Le narrateur, Nathan Glass, n'est pas ce que l'on appelle un optimiste forcené. Il faut dire, à sa décharge, que la vie ne lui a donné ces dernières années que peu de motifs de réjouissances : un divorce, une fille qui ne veut plus lui parler, un cancer et une solitude de plus en plus difficile à supporter. Il décide donc de passer sa retraite là où tout a commencé pour lui, dans le quartier de Brooklyn qui l'a vu grandir, et d'y écrire son Livre de la folie humaine ; une suite d'impressions et d'anecdotes sur les occasions manquées et les loupés de sa triste existence. En fait, il attend surtout la fin de toute cette vaste comédie et n'espère plus aucune issue heureuse.
Mais c'est toujours quand le héros semble définitivement résigné que les histoire peuvent réellement commencer.... Ce sont ses retrouvailles avec Tom, son neveu, qui vont offrir à Nathan une seconde existence.

Comme dans La musique du hasard, j'ai été subjuguée par le talent de conteur de Paul Auster. Ce qu'il y a de merveilleux et d'admirable chez lui, c'est sa capacité à nous envoûter avec des intrigues apparemment simples et dépouillées. N'allez pas chercher dans Brooklyn Follies une histoire aux milles et un rebondissement sinon vous serez immanquablement déçus. Par contre, si vous aimez les romans qui prennent leur temps et laissent toute la place à la psychologie et aux errements des personnages, Brooklyn Follies vous contentera au-delà de vos espérances.
L'histoire se déroule entre 2000 et 2001, et Paul Auster dresse une chronique de l'Amérique à la veille de l'élection de Georges Bush Jr et de l'attentat du 11 septembre. Il en profite bien sûr pour évoquer les préoccupations politiques qui agitèrent les États-Unis au cours de ces quelques mois, et plus largement les problèmes de la violence conjugale, de l'homophobie, des mouvements religieux sectaires... Mais ce qu'il y a de merveilleux, c'est que Paul Auster ne cède pas à la facilité du héros américain stéréotypé.
Bien au contraire, il s'attache à décrire toute la complexité et la richesse de l'âme humaine. Ses personnages sont des citoyens du monde, avant d'être des citoyens américains, et tous tentent avec leurs moyens d'accomplir l'entreprise la plus délicate et la plus ambitieuse qui soit : être heureux et accepter ce que l'on est.
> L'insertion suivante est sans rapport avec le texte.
lemma paired_eigenbasis_tensor_form:
  fixes L :: "complex mat" and alpha :: "nat \<Rightarrow> real"
  assumes L: "L \<in> carrier_mat (2 * m) (2 * m)"
    and a: "orthonormal_fam (2 * m) (\<lambda>(i, k). a i k) (UNIV \<times> {..<m})"
    and La: "\<forall>k<m. L *\<^sub>v a True k = complex_of_real (alpha k) \<cdot>\<^sub>v a True k \<and>
        L *\<^sub>v a False k = complex_of_real (- alpha k) \<cdot>\<^sub>v a False k"
    and e: "orthonormal_fam 2 e UNIV" and eT: "S_y *\<^sub>v e True = e True" and eF: "S_y *\<^sub>v e False = - e False"
    and b: "orthonormal_fam m b {..<m}"
  shows "(\<exists>V. V \<in> carrier_mat (2 * m) (2 * m) \<and> (\<forall>i. \<forall>k<m. V *\<^sub>v a i k = kron_vec (e i) (b k))) \<and>
    (\<forall>V. V \<in> carrier_mat (2 * m) (2 * m) \<and> (\<forall>i. \<forall>k<m. V *\<^sub>v a i k = kron_vec (e i) (b k)) \<longrightarrow>
       unitary_mat (2 * m) V \<and>
       V * L * mat_adjoint V = kron_mat S_y (mat_sum m {..<m}
         (\<lambda>k. complex_of_real (alpha k) \<cdot>\<^sub>m outer (b k) (b k))))"
proof -
  define I where "I = (UNIV :: bool set) \<times> {..<m}"
  define u where "u = (\<lambda>(i, k). a i k)"
  define f where "f = (\<lambda>(i, k). kron_vec (e i) (b k))"
  define c where "c = (\<lambda>(i, k). complex_of_real (if i then alpha k else - alpha k))"
  define M where "M = mat_sum m {..<m} (\<lambda>k. complex_of_real (alpha k) \<cdot>\<^sub>m outer (b k) (b k))"
  have fin: "finite I" and card: "card I = 2 * m" unfolding I_def by (simp_all add: card_cartesian_product)
  have u: "orthonormal_fam (2 * m) u I" using a unfolding u_def I_def .
  have f: "orthonormal_fam (2 * m) f I" using orthonormal_fam_kron[OF e b] unfolding f_def I_def by simp
  have M: "M \<in> carrier_mat m m" unfolding M_def by (rule mat_sum_outer_orthonormal(1)[OF b])
  have K: "kron_mat S_y M \<in> carrier_mat (2 * m) (2 * m)" by (rule kron_mat_carrier[OF S_y_carrier M])
  have S_y_e: "S_y *\<^sub>v e i = (if i then 1 else - 1) \<cdot>\<^sub>v e i" for i
    using eT eF orthonormal_fam_carrier[OF e, of False] by (cases i) auto
  have Kf: "kron_mat S_y M *\<^sub>v f x = c x \<cdot>\<^sub>v f x" if xI: "x \<in> I" for x
  proof -
    obtain i k where x: "x = (i, k)" and k: "k < m" using xI by (auto simp: I_def)
    have bk: "b k \<in> carrier_vec m" using b k by (simp add: orthonormal_fam_carrier)
    have "M *\<^sub>v b k = complex_of_real (alpha k) \<cdot>\<^sub>v b k"
      unfolding M_def by (rule mat_sum_outer_orthonormal(2)[OF b k])
    from kron_S_y_mult_kron_vec[OF orthonormal_fam_carrier[OF e UNIV_I] S_y_e M bk this]
    show ?thesis by (cases i) (auto simp: x f_def c_def)
  qed
  have Lu: "L *\<^sub>v u x = c x \<cdot>\<^sub>v u x" if "x \<in> I" for x
    using that La by (auto simp: I_def u_def c_def)
  have V_iff: "(\<forall>i. \<forall>k<m. V *\<^sub>v a i k = kron_vec (e i) (b k)) \<longleftrightarrow> (\<forall>x\<in>I. V *\<^sub>v u x = f x)" for V
    by (auto simp: I_def u_def f_def)
  have "\<exists>V. V \<in> carrier_mat (2 * m) (2 * m) \<and> (\<forall>x\<in>I. V *\<^sub>v u x = f x)"
    using outer_sum_mult_orthonormal[OF fin u orthonormal_fam_carrier[OF f]]
    by (intro exI[of _ "outer_sum (2 * m) I f u"]) simp
  moreover have "unitary_mat (2 * m) V \<and> V * L * mat_adjoint V = kron_mat S_y M"
    if V: "V \<in> carrier_mat (2 * m) (2 * m)" and Vu: "\<forall>x\<in>I. V *\<^sub>v u x = f x" for V
  proof
    show unitary: "unitary_mat (2 * m) V"
      by (rule unitary_if_maps_orthonormal_basis[OF fin card u f V]) (use Vu in blast)
    show "V * L * mat_adjoint V = kron_mat S_y M"
      by (rule unitary_conj_eq_of_eigenbases[OF fin card u f unitary _ L K Lu Kf]) (use Vu in blast)+
  qed
  ultimately show ?thesis unfolding V_iff M_def by blast
qed

section \<open>The SLD of a diagonal state\<close>

lemma diag_state_carrier: "diag_state N p \<in> carrier_mat N N"
  unfolding diag_state_def by simp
Chacun des protagonistes a de l'épaisseur et les seconds couteaux sont tout aussi attachants que les rôles titres et il faudrait vraiment ne pas avoir de cœur pour ne pas se sentir proche de Harry ou Lucy. Il y a beaucoup d'amour et de générosité dans l'écriture de Paul Auster. Oui, ce livre est une déclaration d'amour pour le genre humain, d'autant plus saisissante que la fin nous ramène brutalement à la réalité. En tournant la dernière page, on aimerait que Paul Auster nous rassure et continue de nous sussurer les destins de ces êtres si banalement normaux.

Lire aussi les avis de Thom, Papillon, Laure, Essel et Clarabel

Du même auteur : La musique du hasard, La nuit de l'oracle, Dans le scriptorium

Laurence


Brooklyn Follies est un bon roman (Paul Auster en a-t-il écrit de mauvais ?), mais certainement pas le meilleur de l’œuvre austerienne. Les personnages sont attachants. Nathan, qui s’annonce pourtant comme un méchant numéro, s’avère généreux, ouvert, touchant. Auster dresse un portait de la nature humaine sous forme de charge contre le fanatisme et le sectarisme. Le roman est plus lent que plusieurs autres de ces livres. Un bon roman mais qui arrive à la cheville d’un livre comme Léviathan.

Par Catherine
le 01er octobre 2008

Extrait :

Je cherchais un endroit tranquille où mourir. Quelqu'un me conseilla Brooklyn et, dès le lendemain matin, je m'y rendis de Westchester afin de reconnaître le terrain. Il y avait cinquante-six ans que je n'étais pas revenu là, et je ne me souvenais de rien. Je n'avais que trois ans lorsque mes parents avaient quitté la ville, et pourtant je m'aperçus que je retournais d'instinct au quartier que nous avions habité, à la manière d'un chien blessé qui se traîne vers le lieu de sa naissance. Un agent immobilier du coin me fit visiter six ou sept appartements dans des maisons de pierre brune et à la fin de l'après-midi j'avais loué un trois-pièces avec jardin dans la Première Rue, non loin de Prospect Park. J'ignorais tout de mes voisin et ça m'était bien égal. Tous travaillaient de neuf à dix-sept heures, aucun n'avait d'enfants et l'immeuble serait donc relativement silencieux. Plus qu'à tout autre chose, c'était à ceci que j'aspirais. Une fin silencieuse à ma vie triste et ridicule.